» Problem statement
Return copies of the lines below that mention "times".

» Source data
━━━━━━━━━━━━━━━━
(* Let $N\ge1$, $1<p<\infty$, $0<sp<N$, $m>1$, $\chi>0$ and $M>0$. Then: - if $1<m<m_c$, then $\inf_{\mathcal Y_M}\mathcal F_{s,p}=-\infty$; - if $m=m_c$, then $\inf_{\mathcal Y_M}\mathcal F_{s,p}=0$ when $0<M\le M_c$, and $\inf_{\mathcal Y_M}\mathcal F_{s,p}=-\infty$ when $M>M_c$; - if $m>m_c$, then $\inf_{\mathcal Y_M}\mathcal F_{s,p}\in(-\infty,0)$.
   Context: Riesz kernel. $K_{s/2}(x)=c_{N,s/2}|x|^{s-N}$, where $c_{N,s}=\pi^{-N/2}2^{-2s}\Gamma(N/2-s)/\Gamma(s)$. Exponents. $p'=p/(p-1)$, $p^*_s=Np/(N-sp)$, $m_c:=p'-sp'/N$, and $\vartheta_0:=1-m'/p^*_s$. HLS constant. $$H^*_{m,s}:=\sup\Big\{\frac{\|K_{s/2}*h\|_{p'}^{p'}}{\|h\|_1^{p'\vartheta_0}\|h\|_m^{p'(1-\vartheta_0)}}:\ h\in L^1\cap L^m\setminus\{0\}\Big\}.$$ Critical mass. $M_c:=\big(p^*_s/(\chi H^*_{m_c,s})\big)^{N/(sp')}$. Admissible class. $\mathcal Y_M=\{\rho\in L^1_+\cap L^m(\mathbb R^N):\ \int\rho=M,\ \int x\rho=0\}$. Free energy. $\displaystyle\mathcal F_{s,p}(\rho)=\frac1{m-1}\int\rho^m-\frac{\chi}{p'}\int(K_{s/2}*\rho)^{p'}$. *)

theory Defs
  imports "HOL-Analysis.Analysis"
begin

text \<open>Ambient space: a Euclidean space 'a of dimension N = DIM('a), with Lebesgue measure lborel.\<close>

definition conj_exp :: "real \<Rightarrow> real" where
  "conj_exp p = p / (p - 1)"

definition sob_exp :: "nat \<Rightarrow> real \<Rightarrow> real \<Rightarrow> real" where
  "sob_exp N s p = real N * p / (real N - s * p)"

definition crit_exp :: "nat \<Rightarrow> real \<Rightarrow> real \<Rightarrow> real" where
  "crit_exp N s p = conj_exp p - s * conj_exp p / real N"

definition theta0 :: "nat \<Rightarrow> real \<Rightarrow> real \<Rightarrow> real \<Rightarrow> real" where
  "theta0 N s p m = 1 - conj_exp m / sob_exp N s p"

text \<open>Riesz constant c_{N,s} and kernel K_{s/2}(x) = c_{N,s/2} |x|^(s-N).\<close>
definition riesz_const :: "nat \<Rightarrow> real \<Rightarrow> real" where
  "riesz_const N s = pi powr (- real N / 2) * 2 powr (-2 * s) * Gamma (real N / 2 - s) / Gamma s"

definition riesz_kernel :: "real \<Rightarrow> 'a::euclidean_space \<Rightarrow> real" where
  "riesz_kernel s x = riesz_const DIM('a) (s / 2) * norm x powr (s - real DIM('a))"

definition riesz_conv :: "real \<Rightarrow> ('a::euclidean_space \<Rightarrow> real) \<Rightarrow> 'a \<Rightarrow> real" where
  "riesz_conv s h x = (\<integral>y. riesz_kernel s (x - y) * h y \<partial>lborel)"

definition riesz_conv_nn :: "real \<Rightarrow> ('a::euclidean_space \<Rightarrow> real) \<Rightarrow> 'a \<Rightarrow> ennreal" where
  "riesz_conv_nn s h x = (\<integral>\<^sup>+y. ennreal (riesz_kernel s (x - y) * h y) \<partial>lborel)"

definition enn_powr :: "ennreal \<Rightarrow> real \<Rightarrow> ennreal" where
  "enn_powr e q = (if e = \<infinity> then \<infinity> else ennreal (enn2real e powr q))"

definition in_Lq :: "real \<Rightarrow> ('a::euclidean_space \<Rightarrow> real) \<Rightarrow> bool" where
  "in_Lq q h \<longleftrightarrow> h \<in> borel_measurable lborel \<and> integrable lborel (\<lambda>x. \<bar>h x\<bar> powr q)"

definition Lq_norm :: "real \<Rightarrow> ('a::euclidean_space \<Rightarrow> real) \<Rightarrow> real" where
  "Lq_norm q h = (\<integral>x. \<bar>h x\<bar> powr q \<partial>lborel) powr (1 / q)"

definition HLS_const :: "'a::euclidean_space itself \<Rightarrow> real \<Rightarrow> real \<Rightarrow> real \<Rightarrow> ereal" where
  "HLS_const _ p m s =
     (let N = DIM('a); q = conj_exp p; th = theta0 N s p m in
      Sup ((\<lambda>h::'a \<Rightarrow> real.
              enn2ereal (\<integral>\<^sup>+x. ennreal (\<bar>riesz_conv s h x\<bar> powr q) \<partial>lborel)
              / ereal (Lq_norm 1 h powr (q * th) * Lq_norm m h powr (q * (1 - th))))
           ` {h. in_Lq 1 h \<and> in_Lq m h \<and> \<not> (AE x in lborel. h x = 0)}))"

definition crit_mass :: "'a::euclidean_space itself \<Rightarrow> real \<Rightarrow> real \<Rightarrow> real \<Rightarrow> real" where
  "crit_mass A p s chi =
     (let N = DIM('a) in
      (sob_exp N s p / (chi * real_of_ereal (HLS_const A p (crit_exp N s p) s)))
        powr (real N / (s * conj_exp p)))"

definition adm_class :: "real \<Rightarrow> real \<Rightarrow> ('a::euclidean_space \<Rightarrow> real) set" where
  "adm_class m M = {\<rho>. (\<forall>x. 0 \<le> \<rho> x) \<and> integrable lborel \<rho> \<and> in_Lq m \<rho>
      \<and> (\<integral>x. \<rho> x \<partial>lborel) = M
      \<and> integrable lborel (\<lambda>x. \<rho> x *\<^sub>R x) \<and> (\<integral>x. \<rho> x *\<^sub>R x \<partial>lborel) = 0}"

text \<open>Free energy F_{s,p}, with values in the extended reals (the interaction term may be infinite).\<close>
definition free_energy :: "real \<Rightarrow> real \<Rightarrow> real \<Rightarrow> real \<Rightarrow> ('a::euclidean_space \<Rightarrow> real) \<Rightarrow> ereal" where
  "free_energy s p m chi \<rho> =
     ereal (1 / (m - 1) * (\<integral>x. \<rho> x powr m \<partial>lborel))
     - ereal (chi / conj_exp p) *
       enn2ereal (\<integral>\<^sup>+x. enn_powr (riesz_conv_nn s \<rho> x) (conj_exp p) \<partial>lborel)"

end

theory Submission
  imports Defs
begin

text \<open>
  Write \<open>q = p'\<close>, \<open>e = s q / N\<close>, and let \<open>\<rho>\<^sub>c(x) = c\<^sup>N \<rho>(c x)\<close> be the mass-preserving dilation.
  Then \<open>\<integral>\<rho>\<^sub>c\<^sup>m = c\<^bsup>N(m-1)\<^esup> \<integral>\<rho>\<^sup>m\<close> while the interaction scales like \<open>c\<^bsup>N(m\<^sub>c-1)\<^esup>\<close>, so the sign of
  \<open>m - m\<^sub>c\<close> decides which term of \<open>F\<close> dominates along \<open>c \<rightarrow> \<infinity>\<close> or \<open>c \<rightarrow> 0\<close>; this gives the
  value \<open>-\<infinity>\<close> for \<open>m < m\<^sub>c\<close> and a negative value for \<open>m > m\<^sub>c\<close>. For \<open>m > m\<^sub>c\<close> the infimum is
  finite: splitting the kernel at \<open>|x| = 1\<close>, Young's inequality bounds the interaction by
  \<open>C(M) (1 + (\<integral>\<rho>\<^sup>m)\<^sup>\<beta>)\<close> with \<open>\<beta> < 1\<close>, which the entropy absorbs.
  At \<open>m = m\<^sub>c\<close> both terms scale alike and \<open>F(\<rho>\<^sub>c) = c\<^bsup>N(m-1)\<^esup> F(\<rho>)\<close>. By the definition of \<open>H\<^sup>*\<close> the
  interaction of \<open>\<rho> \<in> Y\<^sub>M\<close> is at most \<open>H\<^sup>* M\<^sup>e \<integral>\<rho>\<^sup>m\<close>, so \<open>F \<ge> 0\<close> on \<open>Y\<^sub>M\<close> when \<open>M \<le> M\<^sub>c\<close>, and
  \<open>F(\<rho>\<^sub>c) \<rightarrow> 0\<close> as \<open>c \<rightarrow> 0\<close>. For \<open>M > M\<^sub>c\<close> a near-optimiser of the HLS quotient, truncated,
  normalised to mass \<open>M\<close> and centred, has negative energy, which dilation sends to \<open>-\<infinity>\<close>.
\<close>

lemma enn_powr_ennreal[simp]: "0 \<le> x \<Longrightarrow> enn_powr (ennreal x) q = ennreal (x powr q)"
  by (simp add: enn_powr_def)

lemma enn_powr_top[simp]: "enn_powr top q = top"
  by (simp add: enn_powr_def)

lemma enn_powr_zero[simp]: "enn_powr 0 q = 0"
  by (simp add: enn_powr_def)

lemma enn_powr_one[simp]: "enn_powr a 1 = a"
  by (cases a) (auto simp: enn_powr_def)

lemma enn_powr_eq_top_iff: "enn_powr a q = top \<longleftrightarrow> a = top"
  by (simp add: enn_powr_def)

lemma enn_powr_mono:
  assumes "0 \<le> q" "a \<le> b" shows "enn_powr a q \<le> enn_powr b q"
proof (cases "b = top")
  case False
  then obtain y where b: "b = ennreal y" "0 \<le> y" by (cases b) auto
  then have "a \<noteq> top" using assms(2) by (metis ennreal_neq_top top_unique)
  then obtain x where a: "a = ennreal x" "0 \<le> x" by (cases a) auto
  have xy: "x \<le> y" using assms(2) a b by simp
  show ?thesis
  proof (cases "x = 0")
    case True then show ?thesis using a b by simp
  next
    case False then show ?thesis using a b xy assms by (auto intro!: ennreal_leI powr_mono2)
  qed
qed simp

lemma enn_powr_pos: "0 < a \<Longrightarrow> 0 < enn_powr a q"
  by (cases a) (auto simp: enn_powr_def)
━━━━━━━━━━━━━━━━
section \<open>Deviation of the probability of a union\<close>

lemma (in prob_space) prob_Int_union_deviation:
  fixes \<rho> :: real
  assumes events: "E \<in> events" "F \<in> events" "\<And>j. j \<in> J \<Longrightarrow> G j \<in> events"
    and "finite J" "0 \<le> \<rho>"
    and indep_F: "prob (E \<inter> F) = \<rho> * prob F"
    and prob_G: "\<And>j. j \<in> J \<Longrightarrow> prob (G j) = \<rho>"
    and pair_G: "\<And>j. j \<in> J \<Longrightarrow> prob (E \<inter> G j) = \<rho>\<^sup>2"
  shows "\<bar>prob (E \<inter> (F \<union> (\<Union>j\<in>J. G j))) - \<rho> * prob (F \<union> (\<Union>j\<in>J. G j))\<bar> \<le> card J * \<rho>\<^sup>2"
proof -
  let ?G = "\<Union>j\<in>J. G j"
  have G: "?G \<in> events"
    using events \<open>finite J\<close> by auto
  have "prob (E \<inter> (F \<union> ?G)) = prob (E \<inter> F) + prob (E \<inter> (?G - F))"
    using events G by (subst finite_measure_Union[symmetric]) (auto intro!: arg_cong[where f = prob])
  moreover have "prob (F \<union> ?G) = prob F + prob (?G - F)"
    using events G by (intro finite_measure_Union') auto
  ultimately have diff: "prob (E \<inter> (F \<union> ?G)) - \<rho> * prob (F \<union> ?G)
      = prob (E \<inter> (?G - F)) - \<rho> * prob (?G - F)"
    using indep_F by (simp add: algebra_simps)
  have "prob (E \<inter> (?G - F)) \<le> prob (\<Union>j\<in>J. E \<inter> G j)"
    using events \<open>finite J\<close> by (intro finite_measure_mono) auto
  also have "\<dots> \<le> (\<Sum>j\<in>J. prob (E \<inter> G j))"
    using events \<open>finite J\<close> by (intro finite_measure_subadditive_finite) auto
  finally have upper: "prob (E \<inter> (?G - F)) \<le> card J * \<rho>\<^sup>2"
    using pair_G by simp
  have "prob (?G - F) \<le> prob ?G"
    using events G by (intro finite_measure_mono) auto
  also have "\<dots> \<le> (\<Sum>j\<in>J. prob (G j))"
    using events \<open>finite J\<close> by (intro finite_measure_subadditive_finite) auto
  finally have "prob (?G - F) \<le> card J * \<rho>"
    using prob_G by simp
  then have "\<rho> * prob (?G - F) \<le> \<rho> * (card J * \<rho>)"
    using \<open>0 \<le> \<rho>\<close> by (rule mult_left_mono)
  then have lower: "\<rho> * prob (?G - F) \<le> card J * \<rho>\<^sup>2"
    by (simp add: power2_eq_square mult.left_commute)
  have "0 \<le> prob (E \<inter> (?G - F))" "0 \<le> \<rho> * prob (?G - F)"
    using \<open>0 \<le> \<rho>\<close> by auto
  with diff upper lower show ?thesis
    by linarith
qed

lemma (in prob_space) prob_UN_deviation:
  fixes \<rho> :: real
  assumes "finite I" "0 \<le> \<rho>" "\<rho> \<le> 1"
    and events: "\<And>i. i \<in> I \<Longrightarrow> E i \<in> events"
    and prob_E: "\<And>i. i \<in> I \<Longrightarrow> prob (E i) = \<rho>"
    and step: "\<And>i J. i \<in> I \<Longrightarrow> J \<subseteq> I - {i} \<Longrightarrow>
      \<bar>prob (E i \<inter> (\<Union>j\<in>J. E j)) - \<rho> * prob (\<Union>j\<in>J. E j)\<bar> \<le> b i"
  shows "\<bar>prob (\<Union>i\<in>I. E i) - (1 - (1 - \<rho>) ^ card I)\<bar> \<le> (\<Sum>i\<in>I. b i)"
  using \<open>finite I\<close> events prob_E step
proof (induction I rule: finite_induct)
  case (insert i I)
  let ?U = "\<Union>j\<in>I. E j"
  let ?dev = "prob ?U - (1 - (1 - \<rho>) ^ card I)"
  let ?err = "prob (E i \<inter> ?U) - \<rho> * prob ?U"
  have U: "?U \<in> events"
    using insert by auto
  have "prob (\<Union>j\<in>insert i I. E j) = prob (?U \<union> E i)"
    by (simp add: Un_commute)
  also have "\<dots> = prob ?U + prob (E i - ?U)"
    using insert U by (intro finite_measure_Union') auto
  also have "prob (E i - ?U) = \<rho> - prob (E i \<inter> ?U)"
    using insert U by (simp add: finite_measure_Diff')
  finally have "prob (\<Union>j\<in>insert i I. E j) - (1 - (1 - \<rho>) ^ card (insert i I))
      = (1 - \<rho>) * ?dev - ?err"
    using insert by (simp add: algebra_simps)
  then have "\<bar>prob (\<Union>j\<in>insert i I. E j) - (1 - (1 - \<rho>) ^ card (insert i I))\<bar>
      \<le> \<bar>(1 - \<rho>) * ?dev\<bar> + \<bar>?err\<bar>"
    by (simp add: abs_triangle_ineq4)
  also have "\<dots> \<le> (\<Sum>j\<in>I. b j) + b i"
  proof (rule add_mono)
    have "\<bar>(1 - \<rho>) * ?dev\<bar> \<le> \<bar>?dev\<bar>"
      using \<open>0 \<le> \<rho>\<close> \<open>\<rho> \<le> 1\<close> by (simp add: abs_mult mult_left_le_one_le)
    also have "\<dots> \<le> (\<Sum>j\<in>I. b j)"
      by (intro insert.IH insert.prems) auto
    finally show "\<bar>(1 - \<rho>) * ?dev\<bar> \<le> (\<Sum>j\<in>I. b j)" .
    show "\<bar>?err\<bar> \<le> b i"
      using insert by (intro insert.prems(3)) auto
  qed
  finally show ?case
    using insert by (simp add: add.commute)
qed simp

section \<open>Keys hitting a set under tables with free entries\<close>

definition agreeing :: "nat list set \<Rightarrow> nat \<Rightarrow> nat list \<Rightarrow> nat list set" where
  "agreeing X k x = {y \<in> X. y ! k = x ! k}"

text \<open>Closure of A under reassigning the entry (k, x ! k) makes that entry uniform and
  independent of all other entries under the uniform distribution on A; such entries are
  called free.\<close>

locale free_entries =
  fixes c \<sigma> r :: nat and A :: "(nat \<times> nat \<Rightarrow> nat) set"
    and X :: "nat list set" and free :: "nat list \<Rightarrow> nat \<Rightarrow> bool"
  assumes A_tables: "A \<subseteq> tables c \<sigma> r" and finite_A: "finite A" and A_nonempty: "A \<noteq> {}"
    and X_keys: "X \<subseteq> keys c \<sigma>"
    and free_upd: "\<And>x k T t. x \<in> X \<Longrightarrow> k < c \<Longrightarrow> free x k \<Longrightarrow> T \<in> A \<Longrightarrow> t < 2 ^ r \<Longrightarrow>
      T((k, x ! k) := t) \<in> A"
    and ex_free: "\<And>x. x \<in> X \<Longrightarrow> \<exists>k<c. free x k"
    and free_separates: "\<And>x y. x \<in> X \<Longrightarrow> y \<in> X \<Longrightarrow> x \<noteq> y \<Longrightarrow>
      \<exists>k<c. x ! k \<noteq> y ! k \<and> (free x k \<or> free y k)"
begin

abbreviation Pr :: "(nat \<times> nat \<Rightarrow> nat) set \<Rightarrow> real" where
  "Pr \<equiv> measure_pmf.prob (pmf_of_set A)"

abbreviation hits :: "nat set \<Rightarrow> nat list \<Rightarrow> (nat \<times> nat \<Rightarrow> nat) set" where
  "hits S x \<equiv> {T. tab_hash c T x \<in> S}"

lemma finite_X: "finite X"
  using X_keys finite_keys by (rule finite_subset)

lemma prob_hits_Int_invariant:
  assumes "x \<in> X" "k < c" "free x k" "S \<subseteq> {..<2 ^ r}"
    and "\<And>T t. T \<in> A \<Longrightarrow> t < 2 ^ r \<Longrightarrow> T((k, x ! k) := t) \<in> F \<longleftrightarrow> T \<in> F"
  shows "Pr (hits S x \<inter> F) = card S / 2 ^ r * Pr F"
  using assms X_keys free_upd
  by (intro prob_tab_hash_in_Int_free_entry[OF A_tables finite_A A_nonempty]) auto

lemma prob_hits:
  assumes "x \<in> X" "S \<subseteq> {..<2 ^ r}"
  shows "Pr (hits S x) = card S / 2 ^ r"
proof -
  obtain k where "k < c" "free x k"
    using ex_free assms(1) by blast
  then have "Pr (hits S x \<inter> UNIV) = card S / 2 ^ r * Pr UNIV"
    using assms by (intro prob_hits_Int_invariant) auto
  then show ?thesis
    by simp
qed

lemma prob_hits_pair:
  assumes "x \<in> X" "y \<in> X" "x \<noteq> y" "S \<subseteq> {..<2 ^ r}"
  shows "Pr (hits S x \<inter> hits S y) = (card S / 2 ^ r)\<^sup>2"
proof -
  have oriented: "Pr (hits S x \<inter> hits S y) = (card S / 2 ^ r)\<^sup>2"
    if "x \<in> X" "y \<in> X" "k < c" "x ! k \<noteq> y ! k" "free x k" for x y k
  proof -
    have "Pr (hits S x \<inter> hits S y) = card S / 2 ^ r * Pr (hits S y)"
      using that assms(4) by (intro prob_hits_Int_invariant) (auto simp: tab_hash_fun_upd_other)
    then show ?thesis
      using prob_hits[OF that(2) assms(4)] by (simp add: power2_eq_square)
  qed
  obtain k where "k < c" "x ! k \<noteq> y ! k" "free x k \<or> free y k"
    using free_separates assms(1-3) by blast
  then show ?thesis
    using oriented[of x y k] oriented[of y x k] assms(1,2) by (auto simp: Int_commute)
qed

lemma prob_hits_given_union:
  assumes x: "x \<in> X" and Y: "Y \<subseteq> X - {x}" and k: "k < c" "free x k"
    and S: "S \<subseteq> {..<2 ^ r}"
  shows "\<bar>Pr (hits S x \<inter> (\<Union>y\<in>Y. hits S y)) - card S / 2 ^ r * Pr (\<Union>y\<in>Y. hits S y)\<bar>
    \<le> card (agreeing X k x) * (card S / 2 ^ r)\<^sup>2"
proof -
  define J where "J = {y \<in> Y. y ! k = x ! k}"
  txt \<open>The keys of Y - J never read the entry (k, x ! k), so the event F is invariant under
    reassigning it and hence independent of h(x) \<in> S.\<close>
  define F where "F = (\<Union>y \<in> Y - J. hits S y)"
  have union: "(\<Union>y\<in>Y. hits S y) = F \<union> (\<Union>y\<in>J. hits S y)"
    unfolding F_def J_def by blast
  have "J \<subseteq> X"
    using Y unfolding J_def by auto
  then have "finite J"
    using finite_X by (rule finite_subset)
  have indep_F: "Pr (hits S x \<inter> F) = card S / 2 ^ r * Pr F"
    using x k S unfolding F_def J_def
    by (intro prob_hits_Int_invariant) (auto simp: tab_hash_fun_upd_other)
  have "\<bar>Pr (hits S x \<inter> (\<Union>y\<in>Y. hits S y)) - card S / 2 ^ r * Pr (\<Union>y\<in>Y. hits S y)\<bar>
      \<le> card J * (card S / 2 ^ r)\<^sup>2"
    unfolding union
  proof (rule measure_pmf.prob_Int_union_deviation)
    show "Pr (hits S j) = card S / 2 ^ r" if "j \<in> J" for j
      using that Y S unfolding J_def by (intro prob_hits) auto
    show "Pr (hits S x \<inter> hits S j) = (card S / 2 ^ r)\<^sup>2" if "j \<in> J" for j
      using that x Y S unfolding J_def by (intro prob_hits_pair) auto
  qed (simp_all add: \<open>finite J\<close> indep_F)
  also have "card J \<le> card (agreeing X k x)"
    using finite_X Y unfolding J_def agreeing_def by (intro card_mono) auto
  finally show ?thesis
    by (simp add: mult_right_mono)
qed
━━━━━━━━━━━━━━━━
» Completed exercise
  fixes c \<sigma> r :: nat and A :: "(nat \<times> nat \<Rightarrow> nat) set"
abbreviation Pr :: "(nat \<times> nat \<Rightarrow> nat) set \<Rightarrow> real" where
abbreviation hits :: "nat set \<Rightarrow> nat list \<Rightarrow> (nat \<times> nat \<Rightarrow> nat) set" where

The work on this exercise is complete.